I'll post again to round out my thread and let anyone who's interested know if the cure is successful.
 
To round this thread off the cause of the vibration was a failed UK bearing in the front prop shaft double Cardon Joint. I think it had possibly started to freeze due to water ingress and showed itself a couple of days ago when I checked it for the umpteenth time.
I ordered a repair kit and mysteriously it's about a millimetre too wide and I can't get the second circlip in. I'll have to take it up with the supplier.
But this belatedly rounds off this thread.
 
To round this thread off the cause of the vibration was a failed UK bearing in the front prop shaft double Cardon Joint. I think it had possibly started to freeze due to water ingress and showed itself a couple of days ago when I checked it for the umpteenth time.

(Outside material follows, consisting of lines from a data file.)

lemma eps_block_le_powr:
  fixes M :: "'a::euclidean_space measure" and W :: "'a \<Rightarrow> 'a \<Rightarrow> real"
    and C \<alpha> \<beta> p m \<kappa> :: real
  assumes M: "prob_space M" and Mb: "sets M = sets borel" and G: "graphon M W"
    and H: "\<forall>x x' y. \<bar>W x y - W x' y\<bar> \<le> C * infnorm (x - x') powr \<alpha>"
    and C: "0 \<le> C" and \<alpha>: "0 < \<alpha>" and p: "0 < p" "p * \<alpha> < \<beta>"
    and mom: "(\<integral>\<^sup>+ x. ennreal (infnorm x powr \<beta>) \<partial>M) \<le> ennreal m" "0 \<le> m"
    and \<kappa>: "0 < \<kappa>" "\<kappa> \<le> 1"
  shows "eps_block p \<kappa> M W
    \<le> ennreal ((2 * ((2 * C) powr p * (1 + 3 powr (\<alpha> * p) * 5 powr DIM('a) + 3 powr (\<alpha> * p) * m)))
          powr (1/p) * \<kappa> powr (\<alpha> * (\<beta> - p * \<alpha>) / (\<beta> * (p * \<alpha> + DIM('a)))))"
proof -
  define s where "s = \<alpha> * p"
  define d where "d = real DIM('a)"
  define e where "e = s * (\<beta> - s) / (\<beta> * (s + d))"
  define K where "K = 1 + 3 powr s * 5 powr d + 3 powr s * m"
  define h where "h = \<kappa> powr ((\<beta> - s) / (\<beta> * (s + d)))"
  define R where "R = \<kappa> powr (- (s / ((s + d) * \<beta>)))"
  have s: "0 < s" "s < \<beta>" using \<alpha> p by (simp_all add: s_def mult.commute)
  have d: "0 \<le> d" by (simp add: d_def)
  note balance = quantization_error_balance[OF \<kappa> s d, folded h_def R_def e_def]
  obtain lab where lab: "simple_function M lab"
    and heavy: "\<And>l. l \<in> lab ` space M \<Longrightarrow> \<kappa> \<le> measure M (lab -` {l} \<inter> space M)"
    and Q: "(\<integral>\<^sup>+ x. ennreal (infnorm (x - lab x) powr s) \<partial>M)
      \<le> ennreal (h powr s + (3 * R) powr s * (real (card (grid h ` {x::'a. infnorm x \<le> R})) * \<kappa>)
         + 3 powr s * R powr (s - \<beta>) * m)"
    using grid_quantization[OF M Mb \<kappa> balance(1,2), of s \<beta> m] s mom by auto
  have "h powr s + (3 * R) powr s * (real (card (grid h ` {x::'a. infnorm x \<le> R})) * \<kappa>)
      + 3 powr s * R powr (s - \<beta>) * m
    \<le> h powr s + (3 * R) powr s * ((5 * R / h) powr d * \<kappa>) + 3 powr s * R powr (s - \<beta>) * m"
    using card_grid_image_le[OF balance(1,2)] balance(1,2) \<kappa>
    by (intro add_mono mult_left_mono mult_right_mono) (auto simp: d_def powr_realpow)
  also have "\<dots> = K * \<kappa> powr e" unfolding K_def by (rule balance(3))
  finally have Qe: "(\<integral>\<^sup>+ x. ennreal (infnorm (x - lab x) powr s) \<partial>M) \<le> ennreal (K * \<kappa> powr e)"
    using Q by (blast intro: order_trans ennreal_leI)
  have "e = p * (\<alpha> * (\<beta> - s) / (\<beta> * (s + d)))"
    by (simp add: e_def s_def ac_simps)
  hence e: "e / p = \<alpha> * (\<beta> - p * \<alpha>) / (\<beta> * (p * \<alpha> + DIM('a)))"
    using p by (simp add: s_def d_def mult.commute)
  from eps_block_le_quantization_error[OF M Mb G H C p(1) lab heavy Qe[unfolded s_def]]
  have "eps_block p \<kappa> M W \<le> ennreal ((2 * ((2 * C) powr p * (K * \<kappa> powr e))) powr (1/p))"
    using mom by (simp add: K_def)
  also have "(2 * ((2 * C) powr p * (K * \<kappa> powr e))) powr (1/p)
      = (2 * ((2 * C) powr p * K)) powr (1/p) * \<kappa> powr (e / p)"
    using C mom p by (simp add: K_def powr_mult powr_powr mult.assoc)
  finally show ?thesis by (simp add: e K_def s_def d_def)
qed

lemma block_exponent_eq:
  fixes \<alpha> \<beta> p D :: real
  assumes "0 < \<alpha>" "0 < p" "0 < \<beta>"
  shows "(\<alpha> / (p * \<alpha> + D)) * ((\<beta> / (p * \<alpha>) - 1) / (1 + (\<beta> / (p * \<alpha>) - 1)))
    = \<alpha> * (\<beta> - p * \<alpha>) / (\<beta> * (p * \<alpha> + D))"
proof -
  have ratio: "(\<beta> / (p * \<alpha>) - 1) / (1 + (\<beta> / (p * \<alpha>) - 1)) = (\<beta> - p * \<alpha>) / \<beta>"
    using assms by (simp add: field_simps)
  show ?thesis unfolding ratio by (simp add: mult.commute)
qed
lemma lift_step:
  assumes "n \<le> k" "even (trace Z)"
  shows "\<exists>V\<in>R. dvd_entries (2^Suc k) (V - (mat 1 + mat (2^k) ** Z))"
proof -
  define q :: int where "q = 2^k"
  obtain A1 A2 A3 where A: "A1 \<in> {0, transv_nil c1}" "A2 \<in> {0, transv_nil c2}" "A3 \<in> {0, transv_nil c3}"
    and A_Z: "dvd_entries 2 (A1 + A2 + A3 - Z)"
    using transv_nil_span_mod2[OF assms(2)] by blast
  have mem: "mat 1 + mat q ** A \<in> R" if "A \<in> {0, transv_nil c}" "c \<in> {c1, c2, c3}" for A c
    using that one_mem transv_mem[OF _ assms(1)] by (auto simp: q_def)
  define V where "V = (mat 1 + mat q ** A1) ** (mat 1 + mat q ** A2) ** (mat 1 + mat q ** A3)"
  have "V \<in> R"
    unfolding V_def using A by (intro mult_mem mem) auto
  have "(2::int)^Suc k dvd 2^(k + k)"
    using level_pos assms(1) by (intro le_imp_power_dvd) simp
  hence "2^Suc k dvd q * q"
    by (simp add: q_def power_add)
  hence "dvd_entries (2^Suc k) (V - (mat 1 + mat q ** (A1 + A2 + A3)))"
    unfolding V_def by (intro dvd_entries_mult_near_one) simp_all
  moreover have "dvd_entries (2^Suc k) ((mat 1 + mat q ** (A1 + A2 + A3)) - (mat 1 + mat q ** Z))"
  proof -
    have "(mat 1 + mat q ** (A1 + A2 + A3)) - (mat 1 + mat q ** Z) = mat q ** (A1 + A2 + A3 - Z)"
      by (rule matrix_2_eqI) (simp_all add: mat_mult_nth algebra_simps)
    thus ?thesis
      using dvd_entries_scale[OF A_Z, of q] by (simp add: q_def mult.commute)
  qed
  ultimately show ?thesis
    using \<open>V \<in> R\<close> dvd_entries_trans unfolding q_def by blast
qed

I ordered a repair kit and mysteriously it's about a millimetre too wide and I can't get the second circlip in. I'll have to take it up with the supplier.
But this belatedly rounds off this thread.
I found with mine I could check it all day long on the vehicle and it seemed ok.
Took it off and play was immediately apparent.
Feckin thing!
 
Has anyone done the centre three bearings/bushes? I have a 35 tonne press so hopefully I can get away with not having to shell out for the whole thing.

In case you haven't done these yet, I've done them using a manual flypress at work and it done it no problem, so yours should do it. Buy genuine though (not cheap) as was told the cheap ones fail very quickly
 
In case you haven't done these yet, I've done them using a manual flypress at work and it done it no problem, so yours should do it. Buy genuine though (not cheap) as was told the cheap ones fail very quickly
I have already done them thanks. I used my hydraulic press as our fly press is usually set up to do other jobs. Interesting that the fly press worked well though. I'm always worried that I won't have enough control but this is possibly as we tend to use ours for small press stamping jobs.